(* Let $p\ge 2$, $n\ge 1$, and let $X^{(1)},\dots,X^{(n)}\in\mathbb{R}^p$ be observations. Suppose $\{1,\dots,n\}=G\sqcup B$, where the observations $X^{(i)}$, $i\in G$, are i.i.d. $N(0,\Sigma^* )$ with $\Sigma^*=(\Theta^* )^{-1}$ for a symmetric positive definite $\Theta^*\in\mathbb{R}^{p\times p}$ having at most $k$ nonzero off-diagonal entries, and the observations $X^{(i)}$, $i\in B$, are arbitrary. Let $h:=|G|$, and let $R>0$ with $\|\Theta^*\|_1\le R$. Let $(\widetilde\Theta,\widetilde w)$ be any local optimum of the Trimmed Graphical Lasso problem (defined in the context) with parameters $h,R,\lambda$, and define $w^*\in\mathbb{R}^n$ by $w^*_i=\widetilde w_i$ for $i\in G$ and $w^*_i=0$ for $i\in B$. Put $\widetilde\Delta:=\widetilde\Theta-\Theta^*$ and $\widetilde\Gamma:=\widetilde w-w^*$. Assume: (i) (restricted strong convexity) there is $\kappa_l>0$ such that for every $\Delta\in\mathbb{R}^{p\times p}$ with $\|\Delta\|_F\le 1$ and $\Theta^*+\Delta$ positive definite, $$\langle\langle (\Theta^* )^{-1}-(\Theta^*+\Delta)^{-1},\Delta\rangle\rangle\ge\kappa_l\|\Delta\|_F^2;$$ (ii) (incoherence) there are nonnegative numbers $\tau_1(n,p),\tau_2(n,p)$ such that $$\Big|\Big\langle\Big\langle \frac1h\sum_{i=1}^n\widetilde\Gamma_i X^{(i)}(X^{(i)})^\top,\widetilde\Delta\Big\rangle\Big\rangle\Big|\le\tau_1(n,p)\|\widetilde\Delta\|_F+\tau_2(n,p)\|\widetilde\Delta\|_1;$$ (iii) the regularization parameter satisfies $$4\max\Big\{\Big\|\frac1h\sum_{i=1}^n w^*_iX^{(i)}(X^{(i)})^\top-(\Theta^* )^{-1}\Big\|_\infty,\ \tau_2(n,p)\Big\}\le\lambda\le\frac{\kappa_l-\tau_1(n,p)}{3R}.$$ Then $$\|\widetilde\Theta-\Theta^*\|_F\le\frac{1}{\kappa_l}\Big(\frac{3\lambda\sqrt{k+p}}{2}+\tau_1(n,p)\Big)$$ and $$\|\widetilde\Theta-\Theta^*\|_{1,\mathrm{off}}\le\frac{2}{\lambda\kappa_l}\Big(3\lambda\sqrt{k+p}+\tau_1(n,p)\Big)^2.$$
   Context: Notation: for $U,V\in\mathbb{R}^{p\times p}$, $\langle\langle U,V\rangle\rangle=\mathrm{tr}(UV^\top)$; $\|U\|_1=\sum_{i,j}|U_{ij}|$ and $\|U\|_\infty=\max_{i,j}|U_{ij}|$ (element-wise norms, diagonal included); $\|U\|_{1,\mathrm{off}}=\sum_{i\ne j}|U_{ij}|$; $\|U\|_F$ is the Frobenius norm. Trimmed Graphical Lasso problem with parameters $h\in(0,n]$, $R>0$, $\lambda>0$: $$\min_{\Theta,w}\ \Big\langle\Big\langle\Theta,\frac1h\sum_{i=1}^n w_iX^{(i)}(X^{(i)})^\top\Big\rangle\Big\rangle-\log\det\Theta+\lambda\|\Theta\|_{1,\mathrm{off}}$$ subject to $\Theta$ symmetric positive definite, $w\in[0,1]^n$, $\mathbf 1^\top w=h$, $\|\Theta\|_1\le R$. A local optimum is a feasible pair $(\widetilde\Theta,\widetilde w)$ that is a local minimizer of this problem; in particular $\widetilde\Theta$ minimizes the objective over the feasible $\Theta$ with $w$ fixed at $\widetilde w$. *)

theory Defs
  imports "HOL-Analysis.Analysis"
begin

type_synonym 'p sqmat = "real^'p^'p"

definition mat_inner :: "'p::finite sqmat \<Rightarrow> 'p sqmat \<Rightarrow> real" where
  "mat_inner U V = trace (U ** transpose V)"

definition l1_norm :: "'p::finite sqmat \<Rightarrow> real" where
  "l1_norm U = (\<Sum>i\<in>UNIV. \<Sum>j\<in>UNIV. \<bar>U$i$j\<bar>)"

definition linf_norm :: "'p::finite sqmat \<Rightarrow> real" where
  "linf_norm U = Max {\<bar>U$i$j\<bar> | i j. True}"

definition l1_off_norm :: "'p::finite sqmat \<Rightarrow> real" where
  "l1_off_norm U = (\<Sum>i\<in>UNIV. \<Sum>j\<in>UNIV. if i \<noteq> j then \<bar>U$i$j\<bar> else 0)"

definition frob_norm :: "'p::finite sqmat \<Rightarrow> real" where
  "frob_norm U = sqrt (\<Sum>i\<in>UNIV. \<Sum>j\<in>UNIV. (U$i$j)\<^sup>2)"

definition symmetric_mat :: "'p::finite sqmat \<Rightarrow> bool" where
  "symmetric_mat A \<longleftrightarrow> transpose A = A"

definition pos_def :: "'p::finite sqmat \<Rightarrow> bool" where
  "pos_def A \<longleftrightarrow> symmetric_mat A \<and> (\<forall>x. x \<noteq> 0 \<longrightarrow> x \<bullet> (A *v x) > 0)"

definition outer :: "real^'p \<Rightarrow> real^'p^'p" where
  "outer x = (\<chi> i j. x$i * x$j)"

definition wcov :: "real \<Rightarrow> ('n::finite \<Rightarrow> real^'p::finite) \<Rightarrow> real^'n \<Rightarrow> 'p sqmat" where
  "wcov h X w = (1 / h) *\<^sub>R (\<Sum>i\<in>UNIV. (w$i) *\<^sub>R outer (X i))"

definition tgl_objective ::
  "real \<Rightarrow> real \<Rightarrow> ('n::finite \<Rightarrow> real^'p::finite) \<Rightarrow> 'p sqmat \<Rightarrow> real^'n \<Rightarrow> real" where
  "tgl_objective h lam X Theta w =
     mat_inner Theta (wcov h X w) - ln (det Theta) + lam * l1_off_norm Theta"

definition tgl_feasible ::
  "real \<Rightarrow> real \<Rightarrow> 'p::finite sqmat \<Rightarrow> real^'n::finite \<Rightarrow> bool" where
  "tgl_feasible h R Theta w \<longleftrightarrow>
     symmetric_mat Theta \<and> pos_def Theta \<and> (\<forall>i. 0 \<le> w$i \<and> w$i \<le> 1) \<and>
     (\<Sum>i\<in>UNIV. w$i) = h \<and> l1_norm Theta \<le> R"

definition tgl_local_opt ::
  "real \<Rightarrow> real \<Rightarrow> real \<Rightarrow> ('n::finite \<Rightarrow> real^'p::finite) \<Rightarrow> 'p sqmat \<Rightarrow> real^'n \<Rightarrow> bool" where
  "tgl_local_opt h R lam X Theta w \<longleftrightarrow>
     tgl_feasible h R Theta w \<and>
     (\<exists>e>0. \<forall>Theta' w'. tgl_feasible h R Theta' w' \<and> dist (Theta', w') (Theta, w) < e \<longrightarrow>
        tgl_objective h lam X Theta w \<le> tgl_objective h lam X Theta' w')"

end

theory Submission
  imports Defs
begin

text \<open>
  With the weights fixed, a local optimum \<open>\<Theta>\<close> is optimal along the feasible segment towards
  \<open>\<Theta>*\<close>, and Jacobi's formula \<open>d/dt log det (\<Theta> + t E) = tr (\<Theta>\<^sup>-\<^sup>1 E)\<close> turns this into the
  variational inequality \<open>\<langle>\<langle>\<Theta>\<^sup>-\<^sup>1, \<Theta>* - \<Theta>\<rangle>\<rangle> \<le> \<langle>\<langle>\<Theta>* - \<Theta>, S\<^sub>w\<rangle>\<rangle> + \<lambda> (\<parallel>\<Theta>*\<parallel>\<^sub>o\<^sub>f\<^sub>f - \<parallel>\<Theta>\<parallel>\<^sub>o\<^sub>f\<^sub>f)\<close>.
  Splitting the weighted covariance \<open>S\<^sub>w\<close> into its part with weights \<open>w*\<close> (controlled by the
  lower bound on \<open>\<lambda>\<close>) and the trimmed part (controlled by incoherence) yields the basic
  inequality \<open>\<langle>\<langle>\<Theta>*\<^sup>-\<^sup>1 - \<Theta>\<^sup>-\<^sup>1, \<Delta>\<rangle>\<rangle> \<le> \<lambda> (\<parallel>\<Theta>*\<parallel>\<^sub>o\<^sub>f\<^sub>f - \<parallel>\<Theta>\<parallel>\<^sub>o\<^sub>f\<^sub>f) + \<lambda>/2 \<parallel>\<Delta>\<parallel>\<^sub>1 + \<tau>\<^sub>1 \<parallel>\<Delta>\<parallel>\<^sub>F\<close>.
  Since the inverse is antimonotone on positive definite matrices (a Schur product argument),
  restricted strong convexity propagates linearly outside the unit Frobenius ball, where it
  would contradict the upper bound on \<open>\<lambda>\<close>; hence \<open>\<parallel>\<Delta>\<parallel>\<^sub>F \<le> 1\<close> and it applies directly.
  Splitting \<open>\<Delta>\<close> between the support of \<open>\<Theta>*\<close> together with the diagonal (at most \<open>k + p\<close>
  entries) and the rest finishes the argument as for the ordinary graphical lasso.

  The hypotheses on \<open>p\<close>, \<open>G\<close> and \<open>B\<close> only matter for verifying (i)--(iii) probabilistically;
  the bound itself is deterministic and does not use them.
\<close>

section \<open>Quadratic forms and positive semidefinite matrices\<close>

definition quad_form :: "'p::finite sqmat \<Rightarrow> real^'p \<Rightarrow> real^'p \<Rightarrow> real" where
  "quad_form A x y = (\<Sum>i\<in>UNIV. \<Sum>j\<in>UNIV. x$i * A$i$j * y$j)"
========================
_Work instruction_.
Pull out every line of the entries that includes the word "inequality".

_Final answer_.
  variational inequality \<open>\<langle>\<langle>\<Theta>\<^sup>-\<^sup>1, \<Theta>* - \<Theta>\<rangle>\<rangle> \<le> \<langle>\<langle>\<Theta>* - \<Theta>, S\<^sub>w\<rangle>\<rangle> + \<lambda> (\<parallel>\<Theta>*\<parallel>\<^sub>o\<^sub>f\<^sub>f - \<parallel>\<Theta>\<parallel>\<^sub>o\<^sub>f\<^sub>f)\<close>.
  inequality \<open>\<langle>\<langle>\<Theta>*\<^sup>-\<^sup>1 - \<Theta>\<^sup>-\<^sup>1, \<Delta>\<rangle>\<rangle> \<le> \<lambda> (\<parallel>\<Theta>*\<parallel>\<^sub>o\<^sub>f\<^sub>f - \<parallel>\<Theta>\<parallel>\<^sub>o\<^sub>f\<^sub>f) + \<lambda>/2 \<parallel>\<Delta>\<parallel>\<^sub>1 + \<tau>\<^sub>1 \<parallel>\<Delta>\<parallel>\<^sub>F\<close>.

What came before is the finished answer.